**Exercise prompt**
Once you find the line with "independent walks on" in the entries below, return exactly every line from it through the line with "list \<Rightarrow> int list \<Rightarrow> int".

━━ Source data ━━

(* Let $d\in\{1,2\}$, and set $a_{N,1}=(c^2_{N,1}N^{1/2})^{-1/2}$ and $a_{N,2}=(c^2_{N,2}\log N)^{-1/2}$. Let $R_N=Z(N)-1-\sum_{k=1}^N f_k$, where $f_k=c_{N,d}\sum_{x\in\mathbb{Z}^d}h(k,x)p_0(k,x)$. Then $a_{N,d}R_N\Rightarrow 0$ as $N\to\infty$ (convergence in distribution under $Q$).
   Context: For $N\ge1$, $P^N_0$ is the uniform probability measure on nearest-neighbour walks $\omega:\{0,\dots,N\}\to\mathbb{Z}^d$ with $\omega(0)=0$, $|\omega(n)-\omega(n-1)|=1$; $p_0(n,x)$ is the probability that simple random walk started at $0$ is at $x$ at time $n$. The environment $h=\{h(n,x)\}$ is i.i.d. with $h(n,x)=\pm1$ each with probability $1/2$ on $(H,\mathcal{G},Q)$, independent of the walk. $(c_{N,d})$ is a sequence of positive numbers with $\lim_{N\to\infty}c_{N,1}^2N^{1/2}=0$ for $d=1$ and $\lim_{N\to\infty}c_{N,2}^2\log N=0$ for $d=2$. $Z(N)=\int\prod_{n=1}^N[1+c_{N,d}h(n,\omega(n))]\,dP^N_0(\omega)$. *)

theory Defs
  imports "HOL-Probability.Probability"
begin

text \<open>Points of Z^d are integer lists of length d. Nearest neighbours: l1-distance 1.\<close>
definition nn :: "nat \<Rightarrow> int list \<Rightarrow> int list \<Rightarrow> bool" where
  "nn d x y \<longleftrightarrow> length x = d \<and> length y = d \<and> (\<Sum>i<d. \<bar>x ! i - y ! i\<bar>) = 1"

text \<open>Nearest-neighbour walks omega(0),...,omega(N) in Z^d started at the origin,
  represented as lists of length N+1 (entry n is omega(n)).\<close>
definition walks :: "nat \<Rightarrow> nat \<Rightarrow> int list list set" where
  "walks d N = {w. length w = N + 1 \<and> w ! 0 = replicate d 0 \<and>
                   (\<forall>n\<in>{1..N}. nn d (w ! (n - 1)) (w ! n))}"

definition P0 :: "nat \<Rightarrow> nat \<Rightarrow> int list list pmf" where
  "P0 d N = pmf_of_set (walks d N)"

definition p0 :: "nat \<Rightarrow> nat \<Rightarrow> int list \<Rightarrow> real" where
  "p0 d n x = measure_pmf.prob (P0 d n) {w. w ! n = x}"

definition Zpart :: "nat \<Rightarrow> (nat \<Rightarrow> real) \<Rightarrow> (nat \<Rightarrow> int list \<Rightarrow> 'w \<Rightarrow> real) \<Rightarrow> nat \<Rightarrow> 'w \<Rightarrow> real" where
  "Zpart d c h N \<omega> = measure_pmf.expectation (P0 d N)
       (\<lambda>w. \<Prod>n\<in>{1..N}. (1 + c N * h n (w ! n) \<omega>))"

definition fk :: "nat \<Rightarrow> (nat \<Rightarrow> real) \<Rightarrow> (nat \<Rightarrow> int list \<Rightarrow> 'w \<Rightarrow> real) \<Rightarrow> nat \<Rightarrow> nat \<Rightarrow> 'w \<Rightarrow> real" where
  "fk d c h N k \<omega> = c N * (\<Sum>\<^sub>\<infinity>x\<in>{x::int list. length x = d}. h k x \<omega> * p0 d k x)"

definition RN :: "nat \<Rightarrow> (nat \<Rightarrow> real) \<Rightarrow> (nat \<Rightarrow> int list \<Rightarrow> 'w \<Rightarrow> real) \<Rightarrow> nat \<Rightarrow> 'w \<Rightarrow> real" where
  "RN d c h N \<omega> = Zpart d c h N \<omega> - 1 - (\<Sum>k\<in>{1..N}. fk d c h N k \<omega>)"

definition aN :: "nat \<Rightarrow> (nat \<Rightarrow> real) \<Rightarrow> nat \<Rightarrow> real" where
  "aN d c N = (if d = 1 then ((c N)\<^sup>2 * real N powr (1/2)) powr (-1/2)
               else ((c N)\<^sup>2 * ln (real N)) powr (-1/2))"

end

theory Submission
  imports Defs "HOL-Analysis.Harmonic_Numbers"
begin

text \<open>
  Expanding the product in Z(N) over the subsets A of {1..N} gives a chaos expansion whose terms
  with |A| = 0 and |A| = 1 are 1 and the f_k, so R_N is the part with |A| >= 2. Products of the
  signs over distinct finite sets of space-time points are orthonormal in L^2(Q), hence E_Q[R_N^2]
  is the sum over |A| >= 2 of c^(2|A|) times the probability that two independent walks agree at
  all times in A. Splitting A at its first element and using the Markov property turns this into a
  renewal series, bounded by x^2 / (1 - x) where x is c^2 times the expected number of meetings of
  the two walks up to time N. The meeting probability at time a is binom(2a, a) / 4^a <= a^(-1/2)
  for d = 1 and its square for d = 2 (in the coordinates x + y, x - y the planar walk is a pair of
  independent walks on Z), so x = O(a_N^(-2)) and E_Q[(a_N R_N)^2] = O(a_N^(-2)) -> 0; Chebyshev's
  inequality finishes the proof.
\<close>

section \<open>Nearest-neighbour walks as an iterated random step\<close>

definition vadd :: "int list \<Rightarrow> int list \<Rightarrow> int list" where
  "vadd x y = map2 (+) x y"

definition unit_steps :: "nat \<Rightarrow> int list set" where
  "unit_steps d = (if d = 1 then {[1], [-1]} else {[1, 0], [-1, 0], [0, 1], [0, -1]})"

lemma length_vadd [simp]: "length (vadd x y) = min (length x) (length y)"
  by (simp add: vadd_def)

lemma nth_vadd [simp]: "i < length x \<Longrightarrow> i < length y \<Longrightarrow> vadd x y ! i = x ! i + y ! i"
  by (simp add: vadd_def)

lemma vadd_assoc:
  "length a = length b \<Longrightarrow> length b = length c \<Longrightarrow> vadd (vadd a b) c = vadd a (vadd b c)"
  by (rule nth_equalityI) auto

lemma vadd_left_cancel:
  assumes "length a = length b" "length b = length c"
  shows "vadd a b = vadd a c \<longleftrightarrow> b = c"
proof
  assume eq: "vadd a b = vadd a c"
  show "b = c"
  proof (rule nth_equalityI)
    fix i assume "i < length b"
    then show "b ! i = c ! i" using arg_cong[OF eq, of "\<lambda>v. v ! i"] assms by simp
  qed (use assms in simp)
qed simp

lemma finite_unit_steps [simp]: "finite (unit_steps d)"
  and unit_steps_nonempty [simp]: "unit_steps d \<noteq> {}"
  by (simp_all add: unit_steps_def)

lemma length_unit_step: "d \<in> {1, 2} \<Longrightarrow> s \<in> unit_steps d \<Longrightarrow> length s = d"
  by (auto simp: unit_steps_def)

lemma Collect_nn_eq_vadd_image:
  assumes d: "d \<in> {1, 2}" and x: "length x = d"
  shows "{y. nn d x y} = vadd x ` unit_steps d"
proof (cases "d = 1")
  case True
  then obtain a where xa: "x = [a]" using x by (auto simp: length_Suc_conv)
  have "nn d x y \<longleftrightarrow> y = [a + 1] \<or> y = [a - 1]" for y
  proof
    assume "nn d x y"
    then obtain b where "y = [b]" "\<bar>a - b\<bar> = 1"
      using True xa by (auto simp: nn_def length_Suc_conv)
    then show "y = [a + 1] \<or> y = [a - 1]" by auto
  qed (auto simp: nn_def True xa)
  then show ?thesis using True xa by (auto simp: unit_steps_def vadd_def)
next
  case False
  then have d2: "d = 2" using d by auto
  then obtain a b where xa: "x = [a, b]" using x by (auto simp: length_Suc_conv numeral_2_eq_2)
  have "nn d x y \<longleftrightarrow> y = [a + 1, b] \<or> y = [a - 1, b] \<or> y = [a, b + 1] \<or> y = [a, b - 1]" for y
  proof
    assume "nn d x y"
    then obtain e f where "y = [e, f]" "\<bar>a - e\<bar> + \<bar>b - f\<bar> = 1"
      using d2 xa by (auto simp: nn_def length_Suc_conv numeral_2_eq_2 lessThan_Suc)
    then show "y = [a + 1, b] \<or> y = [a - 1, b] \<or> y = [a, b + 1] \<or> y = [a, b - 1]" by auto
  qed (auto simp: nn_def d2 xa numeral_2_eq_2 lessThan_Suc)
  then show ?thesis using d2 xa by (auto simp: unit_steps_def vadd_def)
qed

lemma walks_0: "walks d 0 = {[replicate d 0]}"
  by (auto simp: walks_def length_Suc_conv)

lemma length_walk: "w \<in> walks d N \<Longrightarrow> length w = Suc N"
  by (simp add: walks_def)

lemma length_walk_point:
  assumes w: "w \<in> walks d N" and x: "x \<in> set w"
  shows "length x = d"
proof -
  obtain i where i: "i < length w" "x = w ! i" using x by (auto simp: in_set_conv_nth)
  show ?thesis
  proof (cases i)
    case 0 then show ?thesis using w i by (auto simp: walks_def)
  next
    case (Suc k)
    then have "i \<in> {1..N}" using w i by (auto simp: walks_def)
    then have "nn d (w ! (i - 1)) (w ! i)" using w by (auto simp: walks_def)
    then show ?thesis using i by (simp add: nn_def)
  qed
qed

lemma length_walk_nth: "w \<in> walks d N \<Longrightarrow> n \<le> N \<Longrightarrow> length (w ! n) = d"
  using length_walk_point[of w d N "w ! n"] by (simp add: length_walk)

━━━

**Solution for this exercise**
  independent walks on Z), so x = O(a_N^(-2)) and E_Q[(a_N R_N)^2] = O(a_N^(-2)) -> 0; Chebyshev's
  inequality finishes the proof.
\<close>

section \<open>Nearest-neighbour walks as an iterated random step\<close>

definition vadd :: "int list \<Rightarrow> int list \<Rightarrow> int list" where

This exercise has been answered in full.